Collected data entries
- - -

lemma pop_crit_eq_integral: "pop_crit \<theta> = integral {0..1} (\<lambda>u. integral {0..1} (pop_integrand \<theta> u))"
proof -
  have LBINT_eq_integral: "(LBINT x=0..1. g x) = integral {0..1} g"
    if "continuous_on UNIV g" for g :: "real \<Rightarrow> real"
    using interval_integral_eq_integral[of 0 1 g] that
    by (simp add: zero_ereal_def one_ereal_def borel_integrable_atLeastAtMost' continuous_on_subset)
  have "pop_crit \<theta> = (LBINT u=0..1. (LBINT v=0..1. pop_integrand \<theta> u v))"
    unfolding Mpop_def pop_integrand_def ..
  also have "\<dots> = (LBINT u=0..1. integral {0..1} (pop_integrand \<theta> u))"
    by (simp only: LBINT_eq_integral continuous_on_section continuous_on_pop_integrand)
  also have "\<dots> = integral {0..1} (\<lambda>u. integral {0..1} (pop_integrand \<theta> u))"
    by (intro LBINT_eq_integral continuous_on_integral_section continuous_on_pop_integrand)
  finally show ?thesis .
qed

definition pop_riemann_sum :: "nat \<Rightarrow> real \<Rightarrow> real" where
  "pop_riemann_sum n \<theta> = (\<Sum>i=1..n. \<Sum>j=1..n.
     pop_integrand \<theta> (real i / real n - \<theta>s) (real j / real n - \<theta>s)) / (real n)\<^sup>2"

lemma pop_riemann_sum_tendsto: "(\<lambda>n. pop_riemann_sum n \<theta>) \<longlonglongrightarrow> pop_crit \<theta>"
  using double_riemann_sum_tendsto[OF continuous_on_pop_integrand pop_integrand_plus_1, where s="- \<theta>s"]
  by (simp add: pop_riemann_sum_def pop_crit_eq_integral)

text \<open>At the points \<open>x_i - \<theta>\<^sup>*\<close> the population integrand is \<open>f(x_i - \<theta>) \<Phi>\<^sub>2(signal_i - signal_j)\<close>,
  the mean of \<open>f(x_i - \<theta>) 1{Y_j \<le> Y_i}\<close> for \<open>i \<noteq> j\<close>; on the diagonal that mean is \<open>1\<close>
  instead of \<open>\<Phi>\<^sub>2(0)\<close>.\<close>

lemma abs_mean_crit_minus_pop_riemann_sum_le: "\<bar>mean_crit n \<theta> - pop_riemann_sum n \<theta>\<bar> \<le> bound_f / real n"
proof -
  have "f (real i / real n - \<theta>) * rank_ind_mean n i j
      - pop_integrand \<theta> (real i / real n - \<theta>s) (real j / real n - \<theta>s)
      = (if j = i then f (real i / real n - \<theta>) * (1 - Phi2 \<Phi> \<phi> 0) else 0)" for i j
    by (auto simp: rank_ind_mean_def pop_integrand_def signal_def algebra_simps)
  then have "mean_crit n \<theta> - pop_riemann_sum n \<theta>
      = (\<Sum>i=1..n. f (real i / real n - \<theta>) * (1 - Phi2 \<Phi> \<phi> 0)) / (real n)\<^sup>2"
    unfolding mean_crit_def pop_riemann_sum_def diff_divide_distrib[symmetric] sum_subtractf[symmetric]
    by (simp add: sum.delta)
  also have "\<bar>\<dots>\<bar> \<le> (\<Sum>i=1..n. bound_f) / (real n)\<^sup>2"
  proof -
    have "\<bar>f (real i / real n - \<theta>) * (1 - Phi2 \<Phi> \<phi> 0)\<bar> \<le> bound_f" for i
      using mult_mono[OF abs_f_le, of "\<bar>1 - Phi2 \<Phi> \<phi> 0\<bar>" 1] Phi2_nonneg[of 0] Phi2_le_1[of 0]
        bound_f_nonneg
      by (simp add: abs_mult)
    then have "\<bar>\<Sum>i=1..n. f (real i / real n - \<theta>) * (1 - Phi2 \<Phi> \<phi> 0)\<bar> \<le> (\<Sum>i=1..n. bound_f)"
      by (intro order.trans[OF sum_abs sum_mono])
    then show ?thesis by (simp add: divide_right_mono)
  qed
  also have "\<dots> = bound_f / real n" by (simp add: power2_eq_square)
  finally show ?thesis .
qed

lemma mean_crit_tendsto: "(\<lambda>n. mean_crit n \<theta>) \<longlonglongrightarrow> pop_crit \<theta>"
proof -
  have "(\<lambda>n. mean_crit n \<theta> - pop_riemann_sum n \<theta>) \<longlonglongrightarrow> 0"
    using abs_mean_crit_minus_pop_riemann_sum_le
    by (intro Lim_null_comparison[OF always_eventually lim_const_over_n[of bound_f]]) simp
  from tendsto_add[OF this pop_riemann_sum_tendsto[of \<theta>]] show ?thesis by simp
qed

end

section \<open>Uniformity in the shift\<close>

context
  fixes G :: "real \<Rightarrow> real" and C K :: real
  assumes abs_le: "\<And>\<theta>. \<bar>G \<theta>\<bar> \<le> C"
    and abs_diff_le: "\<And>\<theta> \<theta>'. \<bar>G \<theta> - G \<theta>'\<bar> \<le> K * \<bar>\<theta> - \<theta>'\<bar>"
begin

private lemma bdd_above_range: "bdd_above (range G)"
  using abs_le by (intro bdd_aboveI[where M=C]) (auto simp: abs_le_iff)

private lemma lipschitz_constant_nonneg: "0 \<le> K"
  using abs_diff_le[of 1 0] by simp

lemma SUP_gt_iff_Rats: "\<epsilon> < (SUP \<theta>. G \<theta>) \<longleftrightarrow> (\<exists>q\<in>\<rat>. \<epsilon> < G q)"
proof
  assume "\<epsilon> < (SUP \<theta>. G \<theta>)"
  then obtain \<theta> where \<theta>: "\<epsilon> < G \<theta>"
    using less_cSUP_iff[OF _ bdd_above_range] by auto
  define r where "r = (G \<theta> - \<epsilon>) / (K + 1)"
  have r: "r > 0" using \<theta> lipschitz_constant_nonneg by (simp add: r_def)
  obtain q where q: "q \<in> \<rat>" "\<theta> < q" "q < \<theta> + r"
    using Rats_dense_in_real[of \<theta> "\<theta> + r"] r by auto
  have "\<bar>G \<theta> - G q\<bar> \<le> K * \<bar>\<theta> - q\<bar>" by (rule abs_diff_le)
  also have "\<dots> \<le> K * r" using q lipschitz_constant_nonneg by (intro mult_left_mono) auto
  also have "\<dots> < G \<theta> - \<epsilon>" using r \<theta> lipschitz_constant_nonneg by (simp add: r_def field_simps)
  finally have "\<epsilon> < G q" by linarith
  with q show "\<exists>q\<in>\<rat>. \<epsilon> < G q" by blast
next
  assume "\<exists>q\<in>\<rat>. \<epsilon> < G q"
  then show "\<epsilon> < (SUP \<theta>. G \<theta>)"
    using cSUP_upper[OF _ bdd_above_range] by (blast intro: order.strict_trans2)
qed

lemma SUP_gt_imp_grid_gt:
  assumes periodic: "\<And>\<theta>. G (\<theta> + 1) = G \<theta>" and N: "N > 0" and fine: "K / real N \<le> \<epsilon> / 2"
    and SUP_gt: "\<epsilon> < (SUP \<theta>. G \<theta>)"
  shows "\<exists>k<N. \<epsilon> / 2 < G (real k / real N)"
proof -
  interpret periodic_fun_simple' G by standard (rule periodic)
  obtain \<theta> where \<theta>: "\<epsilon> < G \<theta>"
    using SUP_gt less_cSUP_iff[OF _ bdd_above_range] by auto
  define t where "t = frac \<theta>"
  have t: "0 \<le> t" "t < 1"
    by (simp_all add: t_def frac_lt_1)
  have "G t = G \<theta>"
    by (simp add: t_def frac_def minus_of_int)
  define k where "k = nat \<lfloor>t * real N\<rfloor>"
  have "0 \<le> t * real N" using t by simp
  then have k: "real k \<le> t * real N" "t * real N < real k + 1"
    unfolding k_def by linarith+
  moreover have "t * real N < real N" using t N by simp
  ultimately have "k < N" by linarith
  have "real k / real N \<le> t" "t < real k / real N + 1 / real N"
    using k N by (simp_all add: field_simps)
  then have "\<bar>t - real k / real N\<bar> \<le> 1 / real N" by simp
  then have "K * \<bar>t - real k / real N\<bar> \<le> K / real N"
    using mult_left_mono[OF _ lipschitz_constant_nonneg] by fastforce
  then have "\<bar>G t - G (real k / real N)\<bar> \<le> K / real N"
    using abs_diff_le[of t "real k / real N"] by linarith
  then have "\<epsilon> / 2 < G (real k / real N)"
    using \<theta> \<open>G t = G \<theta>\<close> fine by linarith
  with \<open>k < N\<close> show ?thesis by blast
qed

- - -

> _Problem to work on_: Respond with the exact lines running from the one that contains "using k N by (simp_all add: field_simps)" through the last line of the data above, and no other lines.

> _Solution for this problem_:
    using k N by (simp_all add: field_simps)
  then have "\<bar>t - real k / real N\<bar> \<le> 1 / real N" by simp
  then have "K * \<bar>t - real k / real N\<bar> \<le> K / real N"
    using mult_left_mono[OF _ lipschitz_constant_nonneg] by fastforce
  then have "\<bar>G t - G (real k / real N)\<bar> \<le> K / real N"
    using abs_diff_le[of t "real k / real N"] by linarith
  then have "\<epsilon> / 2 < G (real k / real N)"
    using \<theta> \<open>G t = G \<theta>\<close> fine by linarith
  with \<open>k < N\<close> show ?thesis by blast
qed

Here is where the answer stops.